— ABOUT THIS EXERCISE —
Wherever "proof" appears in the records below, copy the line that holds it.

— DATA FOR REVIEW —

(* Let $G$ be a graph of tree-width $k\geq 3$. Then the minor-3-core of $G$ also has tree-width $k$.
   Context: Graphs are simple and undirected. A minor of $G$ is a graph obtained from $G$ by vertex contractions (contracting a vertex $u$ into a neighbour $v$, i.e. an edge contraction keeping the name $v$) and subgraph operations. A minor-3-core of $G$ is a minor $H$ of $G$ with minimum degree at least $3$ such that no minor of $G$ with minimum degree at least $3$ has more edges than $H$; all minor-3-cores of $G$ are isomorphic, so one speaks of the minor-3-core. Equivalently, it is the graph obtained by repeatedly contracting a vertex of degree at most $2$ into a neighbour and deleting isolated vertices until neither operation applies. *)

theory Defs
  imports Main
begin

type_synonym 'a graph = "'a set \<times> 'a set set"

definition simple_graph :: "'a graph \<Rightarrow> bool" where
  "simple_graph G \<longleftrightarrow> finite (fst G) \<and>
     (\<forall>e\<in>snd G. \<exists>u v. u \<noteq> v \<and> e = {u, v} \<and> u \<in> fst G \<and> v \<in> fst G)"

definition degree :: "'a graph \<Rightarrow> 'a \<Rightarrow> nat" where
  "degree G v = card {w. {v, w} \<in> snd G}"

definition min_degree_ge :: "'a graph \<Rightarrow> nat \<Rightarrow> bool" where
  "min_degree_ge G d \<longleftrightarrow> (\<forall>v\<in>fst G. d \<le> degree G v)"

definition subgraph :: "'a graph \<Rightarrow> 'a graph \<Rightarrow> bool" where
  "subgraph H G \<longleftrightarrow> simple_graph H \<and> fst H \<subseteq> fst G \<and> snd H \<subseteq> snd G"

text \<open>Contracting vertex u into its neighbour v (the result keeps the name v).\<close>
definition contract :: "'a graph \<Rightarrow> 'a \<Rightarrow> 'a \<Rightarrow> 'a graph" where
  "contract G u v = (fst G - {u},
     {e\<in>snd G. u \<notin> e} \<union> {{v, w} | w. {u, w} \<in> snd G \<and> w \<noteq> v})"

inductive is_minor :: "'a graph \<Rightarrow> 'a graph \<Rightarrow> bool" where
  refl: "is_minor G G"
| sub: "is_minor G H \<Longrightarrow> subgraph H' H \<Longrightarrow> is_minor G H'"
| contr: "is_minor G H \<Longrightarrow> {u, v} \<in> snd H \<Longrightarrow> u \<noteq> v \<Longrightarrow> is_minor G (contract H u v)"

definition minor_3_core :: "'a graph \<Rightarrow> 'a graph \<Rightarrow> bool" where
  "minor_3_core G H \<longleftrightarrow> is_minor G H \<and> min_degree_ge H 3 \<and>
     (\<forall>H'. is_minor G H' \<and> min_degree_ge H' 3 \<longrightarrow> card (snd H') \<le> card (snd H))"

definition connected_in :: "'b set set \<Rightarrow> 'b set \<Rightarrow> bool" where
  "connected_in F S \<longleftrightarrow>
     (\<forall>x\<in>S. \<forall>y\<in>S. (x, y) \<in> ({(a, b). a \<in> S \<and> b \<in> S \<and> {a, b} \<in> F})\<^sup>*)"

text \<open>A (finite) tree: a nonempty connected graph with |E| = |V| - 1. Tree nodes are naturals,
  which loses no generality since every finite tree is isomorphic to one on naturals.\<close>
definition is_tree :: "nat graph \<Rightarrow> bool" where
  "is_tree T \<longleftrightarrow> simple_graph T \<and> fst T \<noteq> {} \<and> connected_in (snd T) (fst T) \<and>
     card (snd T) + 1 = card (fst T)"

definition tree_decomposition :: "'a graph \<Rightarrow> nat graph \<Rightarrow> (nat \<Rightarrow> 'a set) \<Rightarrow> bool" where
  "tree_decomposition G T B \<longleftrightarrow> is_tree T \<and>
     (\<forall>v\<in>fst G. \<exists>t\<in>fst T. v \<in> B t) \<and>
     (\<forall>e\<in>snd G. \<exists>t\<in>fst T. e \<subseteq> B t) \<and>
     (\<forall>v\<in>fst G. connected_in (snd T) {t\<in>fst T. v \<in> B t})"

definition has_tw_at_most :: "'a graph \<Rightarrow> nat \<Rightarrow> bool" where
  "has_tw_at_most G k \<longleftrightarrow>
     (\<exists>T B. tree_decomposition G T B \<and> (\<forall>t\<in>fst T. card (B t) \<le> k + 1 \<and> finite (B t)))"

definition treewidth :: "'a graph \<Rightarrow> nat" where
  "treewidth G = (LEAST k. has_tw_at_most G k)"

end

theory Submission
  imports Defs
begin
(* Let $\phi:\mathbb{N}_0\to\mathbb{N}_0$ satisfy $\phi(0)=0$ and $\phi(x)\neq x$ for all $x\in\mathbb{N}$, and let $n\ge2$. Assume the local function $\phi_n$ has no cycle. Let $p_\nu=|\{x\in D_n: h(x)=\nu\}|$ for $1\le\nu\le n$, let $m=\max\{\nu\in\{1,\dots,n\}: p_\nu\ge1\}$, and $\pi=(p_1,\dots,p_m)$. Then $\pi$ is an ordered partition (composition) of $n$ of length $m$, $1\le m\le n$, with $p_1,\dots,p_m\ge1$. Moreover: (1) $M_n(\phi)$ is nilpotent of degree $m$. (2) For $1\le k\le m$, \[ M_n(\phi)^k=\sum_{x\in D_n:\ \phi_n^k(x)\in D_n} E_n(\phi_n^k(x),x),\qquad \#M_n(\phi)^k=n-\sum_{\nu=1}^k p_\nu. \] (3) Writing $\widehat{M}_n(\phi)^{-1}=(\mathbf{v}_1,\dots,\mathbf{v}_n)$ by columns, we have $\mathbf{v}_j=\mathbf{e}_j+\sum_{\nu=1}^{h(j)-1}\mathbf{e}_{\phi_n^\nu(j)}$ for $1\le j\le n$, and \[ \#\widehat{M}_n(\phi)^{-1}=\sum_{x\in D_n}h(x)=\sum_{\nu=1}^m\nu p_\nu\le nm-\binom{m}{2}. \]
   Context: $\mathbb{N}=\{1,2,\dots\}$, $\mathbb{N}_0=\mathbb{N}\cup\{0\}$, $D_n=\{1,\dots,n\}$, $D_{n,0}=D_n\cup\{0\}$. The local function $\phi_n:D_{n,0}\to D_{n,0}$ is $\phi_n(x)=\phi(x)$ if $x\in D_n$ and $\phi(x)\in D_n$, and $\phi_n(x)=0$ otherwise. "$\phi_n$ has no cycle" means there are no $m\ge2$ and $x\in D_n$ with $\phi_n^m(x)=x$. The height of $x\in D_n$ is $h(x)=\min\{k\in\mathbb{N}:\phi_n^k(x)=0\}$. For $1\le i\le n$, $\mathbf{e}_i$ is the $i$-th unit vector in $\mathbb{Z}^n$ and $\mathbf{e}_0$ the zero vector; $E_n(i,j)=\mathbf{e}_i\mathbf{e}_j^t$. $M_n(\phi)$ is the $n\times n$ matrix whose $j$-th column is $\mathbf{e}_{\phi_n(j)}$, and $\widehat{M}_n(\phi)=I-M_n(\phi)$. $\#A$ denotes the number of nonzero entries of a matrix $A$. A matrix $A$ is nilpotent of degree $k$ if $A^k=0$ and $A^{k-1}\ne0$. *)

theory Defs
  imports "Jordan_Normal_Form.Matrix"
begin

text \<open>Conventions: entries of the n x n integer matrices are indexed 0..n-1 in the library;
  the paper's index i in D_n = {1..n} corresponds to library index i - 1.\<close>

definition Dn :: "nat \<Rightarrow> nat set" where
  "Dn n = {1..n}"

definition loc :: "(nat \<Rightarrow> nat) \<Rightarrow> nat \<Rightarrow> nat \<Rightarrow> nat" where
  "loc \<phi> n x = (if x \<in> Dn n \<and> \<phi> x \<in> Dn n then \<phi> x else 0)"

definition no_cycle :: "(nat \<Rightarrow> nat) \<Rightarrow> nat \<Rightarrow> bool" where
  "no_cycle \<phi> n \<longleftrightarrow> \<not> (\<exists>m\<ge>2. \<exists>x\<in>Dn n. (loc \<phi> n ^^ m) x = x)"

definition height :: "(nat \<Rightarrow> nat) \<Rightarrow> nat \<Rightarrow> nat \<Rightarrow> nat" where
  "height \<phi> n x = (LEAST k. k \<ge> 1 \<and> (loc \<phi> n ^^ k) x = 0)"

text \<open>Unit vector e_i in Z^n (i in D_n); e_0 is the zero vector.\<close>
definition uvec :: "nat \<Rightarrow> nat \<Rightarrow> int vec" where
  "uvec n i = vec n (\<lambda>r. if i \<ge> 1 \<and> r = i - 1 then 1 else 0)"

definition Emat :: "nat \<Rightarrow> nat \<Rightarrow> nat \<Rightarrow> int mat" where
  "Emat n i j = mat n n (\<lambda>(r, c). (uvec n i $ r) * (uvec n j $ c))"

definition Mmat :: "(nat \<Rightarrow> nat) \<Rightarrow> nat \<Rightarrow> int mat" where
  "Mmat \<phi> n = mat n n (\<lambda>(r, c). uvec n (loc \<phi> n (c + 1)) $ r)"

definition Mhat :: "(nat \<Rightarrow> nat) \<Rightarrow> nat \<Rightarrow> int mat" where
  "Mhat \<phi> n = 1\<^sub>m n - Mmat \<phi> n"

definition nnz :: "int mat \<Rightarrow> nat" where
  "nnz A = card {(r, c). r < dim_row A \<and> c < dim_col A \<and> A $$ (r, c) \<noteq> 0}"

definition nilpotent_deg :: "int mat \<Rightarrow> nat \<Rightarrow> bool" where
  "nilpotent_deg A k \<longleftrightarrow> A ^\<^sub>m k = 0\<^sub>m (dim_row A) (dim_col A)
      \<and> A ^\<^sub>m (k - 1) \<noteq> 0\<^sub>m (dim_row A) (dim_col A)"

definition msum :: "nat \<Rightarrow> ('b \<Rightarrow> int mat) \<Rightarrow> 'b set \<Rightarrow> int mat" where
  "msum n f S = finprod (monoid_mat TYPE(int) n n) f S"

definition vsum :: "nat \<Rightarrow> ('b \<Rightarrow> int vec) \<Rightarrow> 'b set \<Rightarrow> int vec" where
  "vsum n f S = finsum_vec TYPE(int) n f S"

end

theory Submission
  imports Defs
begin

text \<open>
  \<open>M\<^sub>n(\<phi>)\<close> is the matrix of the self-map \<open>\<phi>\<^sub>n\<close> of \<open>D\<^sub>n \<union> {0}\<close> (with \<open>e\<^sub>0 = 0\<close>), and
  such matrices multiply like the maps compose; hence \<open>M\<^sub>n(\<phi>)\<^sup>k\<close> is the matrix of
  \<open>\<phi>\<^sub>n\<^sup>k\<close>, whose column \<open>j\<close> is nonzero exactly when \<open>k < h(j)\<close>. Without fixed points
  or cycles every path \<open>j, \<phi>\<^sub>n(j), \<phi>\<^sub>n\<^sup>2(j), \<dots>\<close> consists of distinct points of \<open>D\<^sub>n\<close> until it
  falls into \<open>0\<close>, so heights are at most \<open>n\<close>, and from a point of maximal height \<open>m\<close>
  every height \<open>1, \<dots>, m\<close> is visited. The inverse of \<open>I - M\<^sub>n(\<phi>)\<close> is the finite
  geometric series \<open>\<Sum>k<m. M\<^sub>n(\<phi>)\<^sup>k\<close>, whose column \<open>j\<close> is the indicator of the
  \<open>h(j)\<close> distinct points of the path from \<open>j\<close>. The final bound holds for every
  composition of \<open>n\<close> with \<open>m\<close> positive parts.
\<close>

lemma weighted_composition_sum_le:
  fixes p :: "nat \<Rightarrow> nat"
  assumes p_pos: "\<And>\<nu>. \<nu> \<in> {1..m} \<Longrightarrow> 1 \<le> p \<nu>" and sum_p: "(\<Sum>\<nu>=1..m. p \<nu>) = n"
  shows "(\<Sum>\<nu>=1..m. \<nu> * p \<nu>) \<le> n * m - (m choose 2)"
proof -
  define q where "q = (\<Sum>\<nu>=1..m. p \<nu> - 1)"
  have "q + (\<Sum>\<nu>=1..m. 1) = n"
    unfolding q_def sum.distrib[symmetric] sum_p[symmetric] using p_pos
    by (intro sum.cong) (auto simp: Suc_le_eq)
  then have q: "q + m = n" by simp
  have triangle: "(\<Sum>\<nu>=1..k. \<nu>) + (k choose 2) = k * k" for k :: nat
    by (induction k) (simp_all add: numeral_2_eq_2)
  have "(\<Sum>\<nu>=1..m. \<nu> * p \<nu>) = (\<Sum>\<nu>=1..m. \<nu> * (p \<nu> - 1)) + (\<Sum>\<nu>=1..m. \<nu>)"
  proof -
    have "\<nu> * p \<nu> = \<nu> * (p \<nu> - 1) + \<nu>" if "\<nu> \<in> {1..m}" for \<nu>
      using p_pos[OF that] by (cases "p \<nu>") simp_all
    then show ?thesis by (simp add: sum.distrib[symmetric])
  qed
  also have "(\<Sum>\<nu>=1..m. \<nu> * (p \<nu> - 1)) \<le> (\<Sum>\<nu>=1..m. m * (p \<nu> - 1))"
    by (intro sum_mono) simp
  also have "\<dots> = m * q"
    unfolding q_def by (simp flip: sum_distrib_left)
  finally have "(\<Sum>\<nu>=1..m. \<nu> * p \<nu>) + (m choose 2) \<le> m * q + m * m"
    using triangle[of m] by linarith
  also have "\<dots> = n * m"
    using q by (simp flip: add_mult_distrib2 add: mult.commute)
  finally show ?thesis by linarith
qed

lemma uvec_index: "r < n \<Longrightarrow> uvec n i $ r = of_bool (i = r + 1)"
  unfolding uvec_def by auto

lemma uvec_carrier: "uvec n i \<in> carrier_vec n"
  unfolding uvec_def by simp

lemma Emat_index: "r < n \<Longrightarrow> c < n \<Longrightarrow> Emat n i j $$ (r, c) = of_bool (i = r + 1 \<and> j = c + 1)"
  unfolding Emat_def by (simp add: uvec_index)

lemma Emat_carrier: "Emat n i j \<in> carrier_mat n n"
  unfolding Emat_def by simp

lemma msum_empty: "msum n f {} = 0\<^sub>m n n"
  unfolding msum_def comm_monoid.finprod_empty[OF comm_monoid_mat] by (simp add: monoid_mat_def)

lemma msum_insert:
  assumes "finite S" "x \<notin> S" "f x \<in> carrier_mat n n" "\<forall>y\<in>S. f y \<in> carrier_mat n n"
  shows "msum n f (insert x S) = f x + msum n f S"
  unfolding msum_def using assms
  by (subst comm_monoid.finprod_insert[OF comm_monoid_mat]) (auto simp: monoid_mat_def)

lemma msum_carrier_index:
  assumes "finite S" "\<forall>x\<in>S. f x \<in> carrier_mat n n"
  shows "msum n f S \<in> carrier_mat n n \<and>
    (\<forall>r c. r < n \<longrightarrow> c < n \<longrightarrow> msum n f S $$ (r, c) = (\<Sum>x\<in>S. f x $$ (r, c)))"
  using assms by (induction S rule: finite_induct) (auto simp: msum_empty msum_insert)

lemma msum_carrier:
  "finite S \<Longrightarrow> \<forall>x\<in>S. f x \<in> carrier_mat n n \<Longrightarrow> msum n f S \<in> carrier_mat n n"
  using msum_carrier_index by blast

lemma index_msum:
  "finite S \<Longrightarrow> \<forall>x\<in>S. f x \<in> carrier_mat n n \<Longrightarrow> r < n \<Longrightarrow> c < n \<Longrightarrow>
    msum n f S $$ (r, c) = (\<Sum>x\<in>S. f x $$ (r, c))"
  using msum_carrier_index by blast

lemma msum_mult_distrib_left:
  assumes "finite S" and A: "A \<in> carrier_mat n n" and "\<forall>x\<in>S. f x \<in> carrier_mat n n"
  shows "A * msum n f S = msum n (\<lambda>x. A * f x) S"
  using assms(1,3)
proof (induction S rule: finite_induct)
  case (insert x S)
  then have fx: "f x \<in> carrier_mat n n" and fS: "\<forall>y\<in>S. f y \<in> carrier_mat n n" by auto
  have "A * msum n f (insert x S) = A * f x + A * msum n f S"
    using insert fx fS A by (simp add: msum_insert mult_add_distrib_mat[OF A] msum_carrier)
  also have "\<dots> = msum n (\<lambda>x. A * f x) (insert x S)"
    using insert fx fS A by (simp add: msum_insert)
  finally show ?case .
qed (use A in \<open>simp add: msum_empty\<close>)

— OUTPUT —
proof -
  proof -
proof (induction S rule: finite_induct)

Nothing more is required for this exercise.